Joint Frequencies of Two-Way Tables

These are my notes on joint frequencies of two-way tables.

This is my favorite Statistics book on Amazon, if you are interested in learning Statistics I highly recommend it

Suppose data is classified by two different criteria. If the classification criterion 1 has r categories and the classification criterion 2 has c categories, then the classification of data would result in a table with r rows and c columns.

 

A table of data classified by r categories of classification criterion 1 and c categories of classification criterion 2 is known as an r*c contingency table. These row and column totals give the marginal frequencies for these two categories. The marginal frequency is the frequency with which each category occurs.

 

Conditional Relative Frequencies

The conditional relative frequency is the relative frequency of one category given that the other category has occurred. This frequency is used to determine whether there is an association between the two classification criteria. To measure the degree of relation between two quantitative variables, we use the concept of correlation. On the other hand, to measure the degree of relation between two categorical variables, we use the concept of association.

 

Question 1

Describe a situation in which it is better to use the median as a measure of central tendency over the mean.

 

When data is highly skewed, the values in the tail affect the mean more than they affect the median. Since the median is more stable, it is often a better measure of central tendency when data are skewed.

 

Question 2

Which of the three main measures of central tendency can be used with categorical data?

 

The mode can be used with both categorical and continuous variables, or qualitative and quantitative. Since categories are not numeric, we cannot calculate a mean, and if the categories are not ordinal, we cannot put them in order to calculate a median.

 

Question 3

Describe the strength and direction of the relationship between two variables with a correlation of -0.5.

 

Since the correlation coefficient is negative, it means that there is an inverse relationship between X and Y. As X goes up, Y will go down. -0.5 indicates a moderately strong relationship, since values close to 0 indicate little relation between two variables, and values close to -1 or 1 indicate nearly perfect relationships.

 

Question 4

If there is a clear pattern in a residual plot, is a linear relationship appropriate?

 

No, if a linear relationship is appropriate, we expect to see a residual plot with near to zero correlation between residuals and predicted values.
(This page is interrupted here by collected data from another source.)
definition prol_jet ::
  "(real \<times> real \<Rightarrow> complex) \<Rightarrow> (real \<times> real \<times> complex \<Rightarrow> real) \<Rightarrow> (real \<times> real \<times> complex \<Rightarrow> real) \<Rightarrow>
   (real \<times> real \<times> complex \<Rightarrow> complex) \<Rightarrow> real \<Rightarrow> real \<Rightarrow> complex \<Rightarrow> complex \<Rightarrow> complex \<Rightarrow> complex \<Rightarrow> complex \<Rightarrow>
   complex" where
  "prol_jet V tau xi eta t0 x0 z a c e f =
      \<i> * (dderiv eta (1, 0, a) (t0, x0, z) - of_real (dderiv tau (1, 0, a) (t0, x0, z)) * a
            - of_real (dderiv xi (1, 0, a) (t0, x0, z)) * c)
      + (dderiv (\<lambda>w. dderiv eta (0, 1, c) w) (0, 1, c) (t0, x0, z) + dderiv eta (0, 0, f) (t0, x0, z))
      - of_real (dderiv (\<lambda>w. dderiv tau (0, 1, c) w) (0, 1, c) (t0, x0, z) + dderiv tau (0, 0, f) (t0, x0, z)) * a
      - 2 * e * of_real (dderiv tau (0, 1, c) (t0, x0, z))
      - of_real (dderiv (\<lambda>w. dderiv xi (0, 1, c) w) (0, 1, c) (t0, x0, z) + dderiv xi (0, 0, f) (t0, x0, z)) * c
      - 2 * f * of_real (dderiv xi (0, 1, c) (t0, x0, z))
      + (of_real (tau (t0, x0, z)) * pt V (t0, x0) + of_real (xi (t0, x0, z)) * px V (t0, x0)) * z
      + V (t0, x0) * eta (t0, x0, z)"

lemma prol_E_quadratic_jet:
  assumes "smooth tau" "smooth xi" "smooth eta"
  shows "prol_E V tau xi eta (quadratic_jet t0 x0 z a c e f) (t0, x0) = prol_jet V tau xi eta t0 x0 z a c e f"
  unfolding prol_E_def Let_def pt_charact_quadratic_jet[OF assms] pxx_charact_quadratic_jet[OF assms]
    second_partials_quadratic_jet partials_const prol_jet_def
  by (simp add: algebra_simps)

text \<open>A 2-jet lies on the equation \<open>E = 0\<close> iff \<open>\<psi>\<^sub>x\<^sub>x = -i\<psi>\<^sub>t - V\<psi>\<close>, so the invariance criterion
  yields an identity in the remaining free jet coordinates \<open>(\<psi>, \<psi>\<^sub>t, \<psi>\<^sub>x, \<psi>\<^sub>t\<^sub>x)\<close>.\<close>

lemma prol_jet_eq_0:
  assumes "in_lie_alg V tau xi eta"
  shows "prol_jet V tau xi eta t0 x0 z a c e (- \<i> * a - V (t0, x0) * z) = 0"
proof -
  have "smooth tau" "smooth xi" "smooth eta"
    and invariance: "\<And>\<psi> p. smooth \<psi> \<Longrightarrow> schr V \<psi> p = 0 \<Longrightarrow> prol_E V tau xi eta \<psi> p = 0"
    using assms unfolding in_lie_alg_def by auto
  have "schr V (quadratic_jet t0 x0 z a c e (- \<i> * a - V (t0, x0) * z)) (t0, x0) = 0"
    by (simp add: schr_quadratic_jet)
  from invariance[OF smooth_quadratic_jet this] show ?thesis
    by (simp add: prol_E_quadratic_jet \<open>smooth tau\<close> \<open>smooth xi\<close> \<open>smooth eta\<close>)
qed

locale lie_symmetry =
  fixes V :: "real \<times> real \<Rightarrow> complex"
    and tau xi :: "real \<times> real \<times> complex \<Rightarrow> real"
    and eta :: "real \<times> real \<times> complex \<Rightarrow> complex"
  assumes symmetry: "in_lie_alg V tau xi eta"
begin

lemma smooth_tau: "smooth tau" and smooth_xi: "smooth xi" and smooth_eta: "smooth eta"
  using symmetry unfolding in_lie_alg_def by auto

lemma determining_equation: "prol_jet V tau xi eta t0 x0 z a c e (- \<i> * a - V (t0, x0) * z) = 0"
  by (rule prol_jet_eq_0[OF symmetry])

definition tau0 :: "real \<Rightarrow> real" where "tau0 t = tau (t, 0, 0)"

definition chi :: "real \<Rightarrow> real" where "chi t = xi (t, 0, 0)"

abbreviation eta_psi :: "real \<times> real \<times> complex \<Rightarrow> complex" where
  "eta_psi \<equiv> \<lambda>w. dderiv eta (0, 0, 1) w"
Patterns indicate that the relationship between X and Y is not linear.

 

Question 5

Which measure of spread is least affected when there are extreme outliers in your data set?

 

The interquartile range does not include the lowest or highest 25% of data and is therefore less affected by extreme values. Variance, standard deviation, and range do include these extreme values.

 

Summary

The two major categories of variables are quantitative and categorical. Data can be described using tables, graphs, and numbers. Bar graphs and pie charts are useful methods for depicting categorical data. 

 

There are many graphical methods for describing quantitative data. Small data sets can be depicted using stem plots or dot plots. Larger data sets can be shown as boxplots, frequency charts, and histograms.

 

Use a scatter plot to organize and display bivariate quantitative data. Use a two-way contingency table to summarize bivariate categorical data. Ideally, data should always be visualized first, as symmetric data and skewed data are summarized using different numerical summaries. 

 

The r-value, or correlation coefficient is always between -1 and 1. The r-statistic describes the strength of the correlation, with numbers closer to + or - 1 being stronger and values closer to 0 being weaker. The r-squared value describes how much variation in the y-values data can be attributed to changes in the x-values. 

 

There are two major formulas needed to calculate the least-squares regression line. To find the estimated slope, you need the r-statistic, the standard deviation of the x-values, and the standard deviation of the y-values. A residual plot shows whether a linear model is a good fit. If the points on a residual plot are randomly scattered, then a linear model is appropriate. If the points are not random, then a linear model should not be used.